In the material below, find every line with "that" and pull it out.

→ DATA LISTING:
++++++

lemma ln_cM_eq:
  assumes "admissible M n l" "M \<le> N"
  shows "ln (cM M n l (qN N)) = (\<Sum>j=1..n. logsin (real (M - l - j) * mesh N)
           + logsin (real (l + j) * mesh N) - logsin (real j * mesh N))"
proof -
  let ?f = "\<lambda>k. norm (1 - qN N ^ k)"
  have pos: "0 < ?f (M - l - j)" "0 < ?f (l + j)" "0 < ?f j" if "j \<in> {1..n}" for j
    using that assms by (auto simp: admissible_def intro!: norm_one_minus_qN_power_pos
        simp del: zero_less_norm_iff)
  have "ln (cM M n l (qN N)) = ln (\<Prod>j=1..n. ?f (M - l - j) * ?f (l + j) / ?f j)"
    by (simp add: cM_def norm_mult norm_divide)
  also have "\<dots> = (\<Sum>j=1..n. ln (?f (M - l - j) * ?f (l + j) / ?f j))"
  proof (rule ln_prod)
    fix j assume "j \<in> {1..n}"
    then have "0 < ?f (M - l - j) * ?f (l + j) / ?f j"
      using pos by (intro divide_pos_pos mult_pos_pos)
    then show "?f (M - l - j) * ?f (l + j) / ?f j \<noteq> 0"
      by linarith
  qed simp
  also have "\<dots> = (\<Sum>j=1..n. ln (?f (M - l - j)) + ln (?f (l + j)) - ln (?f j))"
  proof (rule sum.cong[OF refl])
    fix j assume "j \<in> {1..n}"
    then show "ln (?f (M - l - j) * ?f (l + j) / ?f j) = ln (?f (M - l - j)) + ln (?f (l + j)) - ln (?f j)"
      using pos[of j] by (simp add: ln_mult ln_div)
  qed
  finally show ?thesis
    by (simp only: ln_norm_one_minus_qN_power)
qed

lemma mesh_ln_cM_eq:
  assumes "admissible M n l" "M \<le> N"
  shows "mesh N * ln (cM M n l (qN N))
    = limit_functional (real (M - l - 1 - n) * mesh N) (real n * mesh N) (real l * mesh N)
      + (riemann_error N (M - l - 1) - riemann_error N (M - l - 1 - n))
      + (riemann_error N (l + n) - riemann_error N l) - riemann_error N n"
proof -
  define g where "g k = logsin (real k * mesh N)" for k
  define P where "P b = (\<Sum>k=1..b. g k)" for b
  define a where "a = M - l - 1 - n"
  have range: "1 \<le> n" "1 \<le> l" "l + n + 1 \<le> M"
    using assms(1) by (auto simp: admissible_def)
  then have a: "M - l - 1 = a + n" "M - l - Suc n = a"
    by (simp_all add: a_def)
  have "(\<Sum>j=1..n. g (M - l - j)) = (\<Sum>j=1..n. g (M - l - Suc n + j))"
    using range by (intro sum_Icc_reflect) auto
  also have "\<dots> = (\<Sum>j=1..n. g (a + j))"
    by (simp only: a)
  also have "\<dots> = P (a + n) - P a"
    using sum_Icc_diff_shift[of a "a + n" g] by (simp add: P_def)
  finally have reflected: "(\<Sum>j=1..n. g (M - l - j)) = P (a + n) - P a" .
  have shifted: "(\<Sum>j=1..n. g (l + j)) = P (l + n) - P l"
    using sum_Icc_diff_shift[of l "l + n" g] by (simp add: P_def)
  have "ln (cM M n l (qN N)) = (P (a + n) - P a) + (P (l + n) - P l) - P n"
    using ln_cM_eq[OF assms] reflected shifted
    by (simp add: g_def P_def sum.distrib sum_subtractf)
  then have "mesh N * ln (cM M n l (qN N))
      = (mesh N * P (a + n) - mesh N * P a) + (mesh N * P (l + n) - mesh N * P l) - mesh N * P n"
    by (simp only: right_diff_distrib distrib_left)
  moreover have "mesh N * P b = riemann_error N b + logsin_int (real b * mesh N)" for b
    by (simp add: riemann_error_def P_def g_def)
  ultimately show ?thesis
    unfolding a a_def[symmetric]
    by (simp add: limit_functional_def logsin_window_def algebra_simps)
qed

lemma tendsto_limit_functional:
  assumes "u \<longlonglongrightarrow> u0" "n \<longlonglongrightarrow> n0" "l \<longlonglongrightarrow> l0"
    and "eventually (\<lambda>N. 0 \<le> u N \<and> 0 \<le> n N \<and> 0 \<le> l N \<and> u N + n N + l N \<le> 1) sequentially"
  shows "(\<lambda>N. limit_functional (u N) (n N) (l N)) \<longlonglongrightarrow> limit_functional u0 n0 l0"
proof -
  have "eventually (\<lambda>N. x N \<in> {0..1}) sequentially"
    if "x \<in> {u, n, l, \<lambda>N. u N + n N, \<lambda>N. l N + n N}" for x
    using assms(4) by (rule eventually_mono) (use that in auto)
  then show ?thesis
    unfolding limit_functional_def logsin_window_def
    by (intro tendsto_intros tendsto_logsin_int assms(1-3)) auto
qed

lemma abs_scaled_ln_cM_minus_limit_functional_le:
  assumes "admissible M n l" "M \<le> N" "2 \<le> N"
  shows "\<bar>ln (cM M n l (qN N)) / (real N + 1/2)
           - limit_functional (real (M - l - 1 - n) * mesh N) (real n * mesh N) (real l * mesh N)\<bar>
         \<le> 5 * riemann_error_bound N"
proof -
  have bound: "\<bar>riemann_error N b\<bar> \<le> riemann_error_bound N" if "b \<le> M" for b
    using that assms by (intro abs_riemann_error_le) auto
  have "\<bar>riemann_error N (M - l - 1)\<bar> \<le> riemann_error_bound N"
    "\<bar>riemann_error N (M - l - 1 - n)\<bar> \<le> riemann_error_bound N"
    "\<bar>riemann_error N (l + n)\<bar> \<le> riemann_error_bound N"
    "\<bar>riemann_error N l\<bar> \<le> riemann_error_bound N" "\<bar>riemann_error N n\<bar> \<le> riemann_error_bound N"
    using assms(1) by (auto simp: admissible_def intro!: bound)
  moreover have "ln (cM M n l (qN N)) / (real N + 1/2) = mesh N * ln (cM M n l (qN N))"
    by (simp add: mesh_def)
  ultimately show ?thesis
    unfolding mesh_ln_cM_eq[OF assms(1,2)] abs_le_iff by linarith
qed

lemma tendsto_scaled_ln_cM:
  fixes M n l :: "nat \<Rightarrow> nat"
  assumes grid: "eventually (\<lambda>N. M N \<le> N \<and> admissible (M N) (n N) (l N)) sequentially"
    and "(\<lambda>N. real (M N) / (real N + 1/2)) \<longlonglongrightarrow> s"
    and "(\<lambda>N. real (n N) / (real N + 1/2)) \<longlonglongrightarrow> ns"
    and "(\<lambda>N. real (l N) / (real N + 1/2)) \<longlonglongrightarrow> ls"
  shows "(\<lambda>N. ln (cM (M N) (n N) (l N) (qN N)) / (real N + 1/2))
           \<longlonglongrightarrow> limit_functional (s - ls - ns) ns ls"
    and "0 \<le> s - ls - ns" "0 \<le> ns" "0 \<le> ls"
proof -
  define u where "u N = real (M N - l N - 1 - n N) * mesh N" for N
  have M_lim: "(\<lambda>N. real (M N) * mesh N) \<longlonglongrightarrow> s"
    and n_lim: "(\<lambda>N. real (n N) * mesh N) \<longlonglongrightarrow> ns"
    and l_lim: "(\<lambda>N. real (l N) * mesh N) \<longlonglongrightarrow> ls"
    using assms(2-4) by (simp_all add: mesh_def)
  have "(\<lambda>N. real (M N) * mesh N - real (l N) * mesh N - mesh N - real (n N) * mesh N)
      \<longlonglongrightarrow> s - ls - 0 - ns"
    by (intro tendsto_intros M_lim l_lim n_lim mesh_tendsto_0)
  moreover have "eventually (\<lambda>N. real (M N) * mesh N - real (l N) * mesh N - mesh N
      - real (n N) * mesh N = u N) sequentially"
    using grid by eventually_elim (auto simp: admissible_def u_def of_nat_diff algebra_simps)
  ultimately have u_lim: "u \<longlonglongrightarrow> s - ls - ns"
    by (simp add: tendsto_cong)
  have simplex: "eventually (\<lambda>N. 0 \<le> u N \<and> 0 \<le> real (n N) * mesh N \<and> 0 \<le> real (l N) * mesh N
      \<and> u N + real (n N) * mesh N + real (l N) * mesh N \<le> 1) sequentially"
    using grid
  proof eventually_elim
    case (elim N)
    then have "u N + real (n N) * mesh N + real (l N) * mesh N = real (M N - 1) * mesh N"
      by (auto simp: admissible_def u_def of_nat_diff algebra_simps)
    moreover have "real (M N - 1) * mesh N < 1"
      using elim by (intro grid_less_1) auto
    ultimately show ?case
      using mesh_pos[of N] by (simp add: u_def)
  qed
  have "eventually (\<lambda>N. norm (ln (cM (M N) (n N) (l N) (qN N)) / (real N + 1/2)
      - limit_functional (u N) (real (n N) * mesh N) (real (l N) * mesh N))
      \<le> 5 * riemann_error_bound N) sequentially"
    using grid eventually_ge_at_top[of "2::nat"] unfolding u_def real_norm_def
    by eventually_elim (blast intro: abs_scaled_ln_cM_minus_limit_functional_le)
  moreover have "(\<lambda>N. 5 * riemann_error_bound N) \<longlonglongrightarrow> 0"
    by (intro tendsto_mult_right_zero riemann_error_bound_tendsto_0)
  ultimately have "(\<lambda>N. ln (cM (M N) (n N) (l N) (qN N)) / (real N + 1/2)
      - limit_functional (u N) (real (n N) * mesh N) (real (l N) * mesh N)) \<longlonglongrightarrow> 0"
    by (rule Lim_null_comparison)
  from tendsto_add[OF this tendsto_limit_functional[OF u_lim n_lim l_lim simplex]]
  show "(\<lambda>N. ln (cM (M N) (n N) (l N) (qN N)) / (real N + 1/2))
      \<longlonglongrightarrow> limit_functional (s - ls - ns) ns ls"
    by simp
  show "0 \<le> s - ls - ns"
    using simplex by (intro tendsto_lowerbound[OF u_lim]) (auto elim: eventually_mono)
  show "0 \<le> ns"
    using simplex by (intro tendsto_lowerbound[OF n_lim]) (auto elim: eventually_mono)
  show "0 \<le> ls"
    using simplex by (intro tendsto_lowerbound[OF l_lim]) (auto elim: eventually_mono)
qed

++++++

→ YOUR RESPONSE:
    using that assms by (auto simp: admissible_def intro!: norm_one_minus_qN_power_pos
    using assms(4) by (rule eventually_mono) (use that in auto)
    using that assms by (intro abs_riemann_error_le) auto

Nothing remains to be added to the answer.